--- Exercise ---
Below are several records. Retype exactly those lines running from the one with "and the same" through the one with "i) ^ \<alpha>", end lines included, and no others.

--- Given data ---
theory Submission
  imports Defs "HOL-Complex_Analysis.Cauchy_Integral_Formula"
begin

(* For x in Sigma_eps F eps the function F(x,-) is real analytic on [0,1] and not identically
   zero, so by the identity theorem it vanishes on no window (xi - eps/2, xi + eps/2) of [0,1]:
   some t in the window has F(x,t) /= 0.  By continuity |F(y,t)| > |F(x,t)|/2 for all y near x,
   and the same t serves every xi' near xi.  Compactness of Sigma_eps F eps x [0,1] turns these
   local lower bounds into one uniform delta. *)

definition power_series_term ::
  "(('n \<Rightarrow> nat) \<times> nat \<Rightarrow> real) \<Rightarrow> real ^ 'n \<Rightarrow> real \<Rightarrow> real ^ 'n \<Rightarrow> real \<Rightarrow> ('n \<Rightarrow> nat) \<times> nat \<Rightarrow> real"
  where "power_series_term c x0 t0 x t =
    (\<lambda>(\<alpha>, k). c (\<alpha>, k) * (\<Prod>i\<in>UNIV. (x $ i - x0 $ i) ^ (\<alpha> i)) * (t - t0) ^ k)"

definition total_degree :: "('n::finite \<Rightarrow> nat) \<times> nat \<Rightarrow> nat"
  where "total_degree = (\<lambda>(\<alpha>, k). sum \<alpha> UNIV + k)"

lemma real_analytic_atE:
  assumes "real_analytic_at F x0 t0"
  obtains r c where "r > 0"
    "\<And>x t. dist x x0 < r \<Longrightarrow> \<bar>t - t0\<bar> < r \<Longrightarrow> (power_series_term c x0 t0 x t has_sum F x t) UNIV"
  using assms unfolding real_analytic_at_def power_series_term_def by blast

lemma power_series_term_total_degree_0:
  "total_degree p = 0 \<Longrightarrow> power_series_term c x0 t0 x t p = c p"
  by (cases p) (simp add: total_degree_def power_series_term_def)

lemma power_series_term_diagonal:
  "power_series_term c x0 t0 (x0 + (\<chi> i. h)) (t0 + h) = (\<lambda>p. c p * h ^ total_degree p)"
  by (auto simp: fun_eq_iff power_series_term_def total_degree_def power_sum power_add)

lemma power_series_term_centre:
  "power_series_term c x0 t0 x0 t (\<alpha>, k) = (if \<alpha> = (\<lambda>_. 0) then c (\<alpha>, k) * (t - t0) ^ k else 0)"
proof (cases "\<alpha> = (\<lambda>_. 0)")
  case False
  then obtain i where "\<alpha> i \<noteq> 0" by auto
  then have "(\<Prod>i\<in>UNIV. (x0 $ i - x0 $ i) ^ \<alpha> i) = (0::real)"
    by (intro prod_zero) auto
  then show ?thesis by (simp add: power_series_term_def False)
qed (simp add: power_series_term_def)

--- Response ---
   and the same t serves every xi' near xi.  Compactness of Sigma_eps F eps x [0,1] turns these
   local lower bounds into one uniform delta. *)

definition power_series_term ::
  "(('n \<Rightarrow> nat) \<times> nat \<Rightarrow> real) \<Rightarrow> real ^ 'n \<Rightarrow> real \<Rightarrow> real ^ 'n \<Rightarrow> real \<Rightarrow> ('n \<Rightarrow> nat) \<times> nat \<Rightarrow> real"
  where "power_series_term c x0 t0 x t =
    (\<lambda>(\<alpha>, k). c (\<alpha>, k) * (\<Prod>i\<in>UNIV. (x $ i - x0 $ i) ^ (\<alpha> i)) * (t - t0) ^ k)"

definition total_degree :: "('n::finite \<Rightarrow> nat) \<times> nat \<Rightarrow> nat"
  where "total_degree = (\<lambda>(\<alpha>, k). sum \<alpha> UNIV + k)"

lemma real_analytic_atE:
  assumes "real_analytic_at F x0 t0"
  obtains r c where "r > 0"
    "\<And>x t. dist x x0 < r \<Longrightarrow> \<bar>t - t0\<bar> < r \<Longrightarrow> (power_series_term c x0 t0 x t has_sum F x t) UNIV"
  using assms unfolding real_analytic_at_def power_series_term_def by blast

lemma power_series_term_total_degree_0:
  "total_degree p = 0 \<Longrightarrow> power_series_term c x0 t0 x t p = c p"
  by (cases p) (simp add: total_degree_def power_series_term_def)

lemma power_series_term_diagonal:
  "power_series_term c x0 t0 (x0 + (\<chi> i. h)) (t0 + h) = (\<lambda>p. c p * h ^ total_degree p)"
  by (auto simp: fun_eq_iff power_series_term_def total_degree_def power_sum power_add)

lemma power_series_term_centre:
  "power_series_term c x0 t0 x0 t (\<alpha>, k) = (if \<alpha> = (\<lambda>_. 0) then c (\<alpha>, k) * (t - t0) ^ k else 0)"
proof (cases "\<alpha> = (\<lambda>_. 0)")
  case False
  then obtain i where "\<alpha> i \<noteq> 0" by auto
  then have "(\<Prod>i\<in>UNIV. (x0 $ i - x0 $ i) ^ \<alpha> i) = (0::real)"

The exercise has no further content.